3.6. Mechanical properties

The mechanical properties of the modified epoxy resin were measured and presented in Table 3. The tensile strength decreased with increased concentration of DSOC, while the adhesive strength and the impact strength increased with increasing content of DSOC. When 20 wt% DSOC was added, the tensile strength decreased from 56.7 to 47.3 MPa, the adhesive strength increased from 15.8 to 20.6 MPa, and the impact strength was up to 14.1 kJ/m² increased by 107.4%. The toughness of the material had an obvious improvement and it is crucial to improve the application of epoxy resin.

Table 3. Mechanical properties of cured epoxy resins containing different contents of DSOC.

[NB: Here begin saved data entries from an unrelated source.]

(* Let $(\alpha_j)_{j\ge0}$ be a deterministic sequence in the open unit disc with only finitely many nonzero terms, and set $\alpha_{-1}:=-1$. Let $\rho_j=(1-|\alpha_j|^2)^{1/2}$, $\Theta_j=\begin{pmatrix}\alpha_j&\rho_j\\ \rho_j&-\overline{\alpha_j}\end{pmatrix}$, $\mathcal{L}=\mathrm{Diag}(\Theta_0,\Theta_2,\dots)$, $\mathcal{M}=\mathrm{Diag}(1,\Theta_1,\Theta_3,\dots)$ and $\mathcal{C}=\mathcal{L}\mathcal{M}$ (infinite matrices indexed by positive integers). Then for every $k\ge2$, $$\mathrm{tr}(\mathcal{C}^k) = -k\sum_{j\ge-1}\overline{\alpha_j}\,\rho_{j+1}^2\rho_{j+2}^2\cdots\rho_{j+k-1}^2\,\alpha_{j+k} + O\Big(k^3\sum_{j\ge-1}|\alpha_j|^3\Big),$$ where the implicit constant in $O$ is absolute.
   Context: With finitely many nonzero $\alpha_j$, $\mathcal{C}^k$ has only finitely many nonzero diagonal entries, so the trace is a finite sum. *)

theory Defs
  imports "HOL-Analysis.Analysis"
begin

text \<open>Infinite matrices are functions nat \<Rightarrow> nat \<Rightarrow> complex indexed by positive
  integers; row/column 0 is unused and identically zero.\<close>

definition rho :: "complex \<Rightarrow> real" where
  "rho a = sqrt (1 - (cmod a)^2)"

definition theta :: "complex \<Rightarrow> nat \<Rightarrow> nat \<Rightarrow> complex" where
  "theta a r s =
     (if r = 0 \<and> s = 0 then a
      else if r = 1 \<and> s = 1 then - cnj a
      else complex_of_real (rho a))"

text \<open>L = Diag(Theta_0, Theta_2, ...): block b occupies rows/cols 2b+1, 2b+2.\<close>
definition cmvL :: "(nat \<Rightarrow> complex) \<Rightarrow> nat \<Rightarrow> nat \<Rightarrow> complex" where
  "cmvL \<alpha> i j =
     (if 1 \<le> i \<and> 1 \<le> j \<and> (i - 1) div 2 = (j - 1) div 2
      then theta (\<alpha> (2 * ((i - 1) div 2))) ((i - 1) mod 2) ((j - 1) mod 2)
      else 0)"

text \<open>M = Diag(1, Theta_1, Theta_3, ...): block m \<ge> 1 occupies rows/cols 2m, 2m+1.\<close>
definition cmvM :: "(nat \<Rightarrow> complex) \<Rightarrow> nat \<Rightarrow> nat \<Rightarrow> complex" where
  "cmvM \<alpha> i j =
     (if i = 1 \<and> j = 1 then 1
      else if 2 \<le> i \<and> 2 \<le> j \<and> i div 2 = j div 2
      then theta (\<alpha> (2 * (i div 2) - 1)) (i mod 2) (j mod 2)
      else 0)"

definition mat_mult :: "(nat \<Rightarrow> nat \<Rightarrow> complex) \<Rightarrow> (nat \<Rightarrow> nat \<Rightarrow> complex) \<Rightarrow> nat \<Rightarrow> nat \<Rightarrow> complex" where
  "mat_mult A B i j = (\<Sum>\<^sub>\<infinity> l. A i l * B l j)"

definition mat_id :: "nat \<Rightarrow> nat \<Rightarrow> complex" where
  "mat_id i j = (if i = j \<and> 1 \<le> i then 1 else 0)"

fun mat_pow :: "(nat \<Rightarrow> nat \<Rightarrow> complex) \<Rightarrow> nat \<Rightarrow> nat \<Rightarrow> nat \<Rightarrow> complex" where
  "mat_pow A 0 = mat_id"
| "mat_pow A (Suc n) = mat_mult A (mat_pow A n)"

Sample	Tensile strength (MPa)	Adhesive strength (MPa)	Impact strength (kJ/m^2)
EP-0	56.7	15.8	8.1
EP-5	55.1	17.1	8.9
EP-10	53.4	18.7	9.6
EP-15	49.9	19.4	11.3
EP-20	47.3	20.6	14.1

When DSOC cured with epoxy resin, the double spiro-ring structures of DSOC could undergo ring-opening polymerizations with expansions in volume. It could effectively offset the volume shrinkage of the epoxy resin during the curing process, and thus it could reduce the residual shrinkage stress, improve the adhesive properties and impact strength of the material. However, the spiroorthocarbonates are expected to act as flexibilizing agents, it formed flexible poly (ether-carbonate) chains after cationic induced double ring-opening reaction,[11] their low T_g would affect the rigidity of the crosslinked material; but it also improved the conversion ratio of epoxy groups, which can enhance the tensile strength of epoxy resins.

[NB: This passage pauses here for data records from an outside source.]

theorem proposition5:
  fixes m :: nat and fi :: "nat \<Rightarrow> 'a::euclidean_space \<Rightarrow> real" and r :: "'a \<Rightarrow> ereal"
    and \<mu> L \<delta> :: real and xs :: 'a
    and P :: "'w measure"
    and \<alpha> c C :: real
    and \<psi> :: "nat \<Rightarrow> nat \<Rightarrow> 'w \<Rightarrow> 'a \<Rightarrow> real" and \<psi>0 :: "nat \<Rightarrow> 'a \<Rightarrow> real"
    and \<epsilon> \<epsilon>\<psi> :: "nat \<Rightarrow> nat \<Rightarrow> 'w \<Rightarrow> real" and xt :: "nat \<Rightarrow> nat \<Rightarrow> 'w \<Rightarrow> 'a"
  defines "f \<equiv> (\<lambda>x. (1 / real m) * (\<Sum>i<m. fi i x))"
  defines "u \<equiv> (\<lambda>x. ereal (f x) + r x)"
  defines "M \<equiv> moreau \<delta> u"
  defines "Mstar \<equiv> real_of_ereal (u xs)"
  defines "\<mu>M \<equiv> \<delta> * \<mu> / (\<delta> + \<mu>)"
  defines "\<epsilon>tot \<equiv> (\<lambda>k i w. \<epsilon>\<psi> (Suc k) i w - (1 - \<alpha>) * \<epsilon>\<psi> k i w + \<alpha> * \<epsilon> k i w)"
  defines "cscvx \<equiv> (1 / real m) * (\<Sum>i<m. 2 / \<mu>M * (\<psi>0 i xs - Mstar + C / (\<alpha> * (1 - c))))"
  assumes m_pos: "0 < m"
    and fi_C1: "\<And>i. i < m \<Longrightarrow> cont_diff (fi i)"
    and fi_convex: "\<And>i. i < m \<Longrightarrow> convex_on UNIV (fi i)"
    and f_sc: "strongly_convex \<mu> f"
    and f_smooth: "L_smooth L f"
    and r_proper: "proper_fun r" and r_closed: "closed_fun r" and r_convex: "convex_efun r"
    and xs_min: "\<forall>y. u xs \<le> u y"
    and \<delta>_pos: "0 < \<delta>"
    and \<mu>_pos: "0 < \<mu>"
    and \<alpha>: "0 < \<alpha>" "\<alpha> < 1"
    and c: "0 < c" "c < 1"
    and C: "0 \<le> C"
    and P: "prob_space P"
    and est: "AE w in P. inexact_est_seq m xs Mstar (\<lambda>k i. \<psi> k i w) (\<lambda>_. \<alpha>) (\<lambda>k i. \<epsilon> k i w)"
    and e\<psi>0: "AE w in P. \<forall>i<m. \<epsilon>\<psi> 0 i w = 0"
    and xt_bound: "AE w in P. \<forall>k. \<forall>i<m. M (xt k i w) \<le> (INF x. \<psi> k i w x) + \<epsilon>\<psi> k i w"
    and \<psi>0_det: "\<And>w i. w \<in> space P \<Longrightarrow> i < m \<Longrightarrow> \<psi> 0 i w = \<psi>0 i"
    and int_tot: "\<And>k i. i < m \<Longrightarrow> integrable P (\<lambda>w. \<epsilon>tot k i w)"
    and int_x: "\<And>k i. i < m \<Longrightarrow> integrable P (\<lambda>w. (norm (xt k i w - xs))\<^sup>2)"
    and tot_bound: "\<And>k. (1 / real m) * (\<Sum>i<m. (\<integral>w. \<bar>\<epsilon>tot k i w\<bar> \<partial>P)) \<le> C * (1 - c * \<alpha>) ^ k"
  shows "\<forall>k. (1 / real m) * (\<Sum>i<m. (\<integral>w. (norm (xt k i w - xs))\<^sup>2 \<partial>P)) \<le> cscvx * (1 - c * \<alpha>) ^ k"
proof -
  interpret P: prob_space P by (rule P)
  define p where "p = 1 - \<alpha>"
  define q where "q = 1 - c * \<alpha>"
  define A where "A i = \<psi>0 i xs - Mstar" for i
  define maj where "maj i k w = lin_rec p (A i) (\<lambda>j. \<bar>\<epsilon>tot j i w\<bar>) k" for i k w
  have pq: "0 \<le> p" "p < q" "q - p = \<alpha> * (1 - c)"
    using \<alpha> c by (simp_all add: p_def q_def algebra_simps)
  have \<mu>M: "0 < \<mu>M" unfolding \<mu>M_def using \<delta>_pos \<mu>_pos by simp
  have growth: "Mstar + \<mu>M / 2 * (norm (x - xs))\<^sup>2 \<le> M x" for x
    using moreau_quadratic_growth_at_minimizer[OF f_sc r_convex r_proper _ \<mu>_pos \<delta>_pos] xs_min
    unfolding M_def Mstar_def \<mu>M_def u_def by blast
  have pathwise: "AE w in P. \<forall>i<m. \<forall>k. (norm (xt k i w - xs))\<^sup>2 \<le> 2 / \<mu>M * maj i k w"
    using AE_space est e\<psi>0 xt_bound
  proof eventually_elim
    case (elim w)
    show ?case
    proof (intro allI impI)
      fix i k assume "i < m"
      with elim show "(norm (xt k i w - xs))\<^sup>2 \<le> 2 / \<mu>M * maj i k w"
        unfolding maj_def A_def p_def \<epsilon>tot_def inexact_est_seq_def
        using estimating_sequence_dist_le_lin_rec[OF _ _ _ _ growth \<mu>M, where \<psi>="\<lambda>k. \<psi> k i w" and \<alpha>=\<alpha>
            and \<epsilon>="\<lambda>k. \<epsilon> k i w" and \<epsilon>\<psi>="\<lambda>k. \<epsilon>\<psi> k i w" and x="\<lambda>k. xt k i w"]
          \<psi>0_det[of w i] \<alpha> by auto
    qed
  qed
  have A_nonneg: "0 \<le> A i" if "i < m" for i
  proof -
    obtain w where "\<forall>i<m. \<forall>k. (norm (xt k i w - xs))\<^sup>2 \<le> 2 / \<mu>M * maj i k w"
      using eventually_happens[OF pathwise] P.ae_filter_bot by blast
    then have "(norm (xt 0 i w - xs))\<^sup>2 \<le> 2 / \<mu>M * A i"
      using that unfolding maj_def by (metis lin_rec.simps(1))
    then have "0 \<le> 2 / \<mu>M * A i" using zero_le_power2 order_trans by blast
    then show ?thesis using \<mu>M by (simp add: zero_le_divide_iff)
  qed
  show ?thesis
  proof
    fix k
    have "(\<integral>w. (norm (xt k i w - xs))\<^sup>2 \<partial>P) \<le> 2 / \<mu>M * (\<integral>w. maj i k w \<partial>P)" if "i < m" for i
      using that int_x int_tot pathwise unfolding maj_def
      by (subst integral_mult_right_zero[symmetric])
        (intro integral_mono_AE P.integrable_lin_rec integrable_mult_right integrable_abs; auto elim: eventually_mono)
    then have "(1 / real m) * (\<Sum>i<m. (\<integral>w. (norm (xt k i w - xs))\<^sup>2 \<partial>P))
        \<le> (1 / real m) * (\<Sum>i<m. 2 / \<mu>M * (\<integral>w. maj i k w \<partial>P))"
      by (intro mult_left_mono sum_mono) simp_all
    also have "\<dots> = 2 / \<mu>M * ((1 / real m) * (\<Sum>i<m. \<integral>w. maj i k w \<partial>P))"
      by (simp add: sum_distrib_left mult_ac)
    also have "\<dots> \<le> 2 / \<mu>M * ((1 / real m) * (q ^ k * ((\<Sum>i<m. A i) + real m * C / (q - p))))"
      using pq C int_tot A_nonneg tot_bound m_pos \<mu>M unfolding maj_def q_def
      by (intro mult_left_mono P.sum_integral_lin_rec_le_geometric) (auto simp: field_simps)
    also have "\<dots> = cscvx * q ^ k"
    proof -
      define K where "K = C / (q - p)"
      have "cscvx = (1 / real m) * (\<Sum>i<m. 2 / \<mu>M * (A i + K))"
        unfolding cscvx_def A_def K_def pq(3) by simp
      also have "(\<Sum>i<m. 2 / \<mu>M * (A i + K)) = 2 / \<mu>M * ((\<Sum>i<m. A i) + real m * K)"
        by (simp only: sum_distrib_left[symmetric] sum.distrib sum_constant card_lessThan)
      finally show ?thesis unfolding K_def by (simp add: mult_ac)
    qed
    finally show "(1 / real m) * (\<Sum>i<m. (\<integral>w. (norm (xt k i w - xs))\<^sup>2 \<partial>P)) \<le> cscvx * (1 - c * \<alpha>) ^ k"
      unfolding q_def .
  qed
qed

3.7. Fracture surface morphology

The SEM morphologies of fracture surface after impact testing are presented in Figure 5. Figure 5(a) shows the fracture surface morphology of pure EP. It possesses a smooth fracture surface, with the behavior of brittle fracture. Figure 5(b–d) shows the fracture surface morphology of EP/DSOC composites. The surfaces are very rough, with many ditches and ridges, which can be characterized as ductile fracture. This indicates the copolymerization of DSOC and epoxy resins without phase separation, thus improves the toughness of the material. And it is very important for the properties of cured epoxy resins.

4. Conclusion

A novel DOPO-based spiroorthocarbonate was synthesized successfully and confirmed with ¹H, ³¹P, ¹³C NMR, and FT-IR spectra. It was used as anti-shrinkage additive and flame retardant in epoxy resin curing. The shrinkage of the cured epoxy resin containing DSOC was investigated by measuring the density of the system before and after curing. It was found that shrinkage of epoxy resin changed from −1.49 to 1.43% with the content of DSOC increased to 20 wt%, not only the shrinkage of epoxy resin was eliminated, but also a slight expansion was achieved. The flame retardancy and thermal stability of the cured epoxy resins were investigated by LOI, UL-94 test, and TGA. LOI values increased from 19.9% for pure E-51 to 30.9% for modified epoxy resins, and UL-94 V-0 rating can be obtained with 15 wt% DSOC. TGA indicates that the incorporation of DSOC significantly enhanced the char yield. The tensile strength of cured epoxy resins decreased, the adhesive strength increased, and the toughness was notably improved. The results showed that DSOC was a promising anti-shrinkage additive and flame retardant for epoxy resins.

Disclosure statement

No potential conflict of interest were reported by the authors.

Additional information

Funding

This research was supported by the National Natural Science Foundation of China [grant number 51073095]; the National Key Technology R&D Program of China [grant number 2012BAB06B03]; the Science Foundation of Liaoning Province Education Department [grant number L2012481].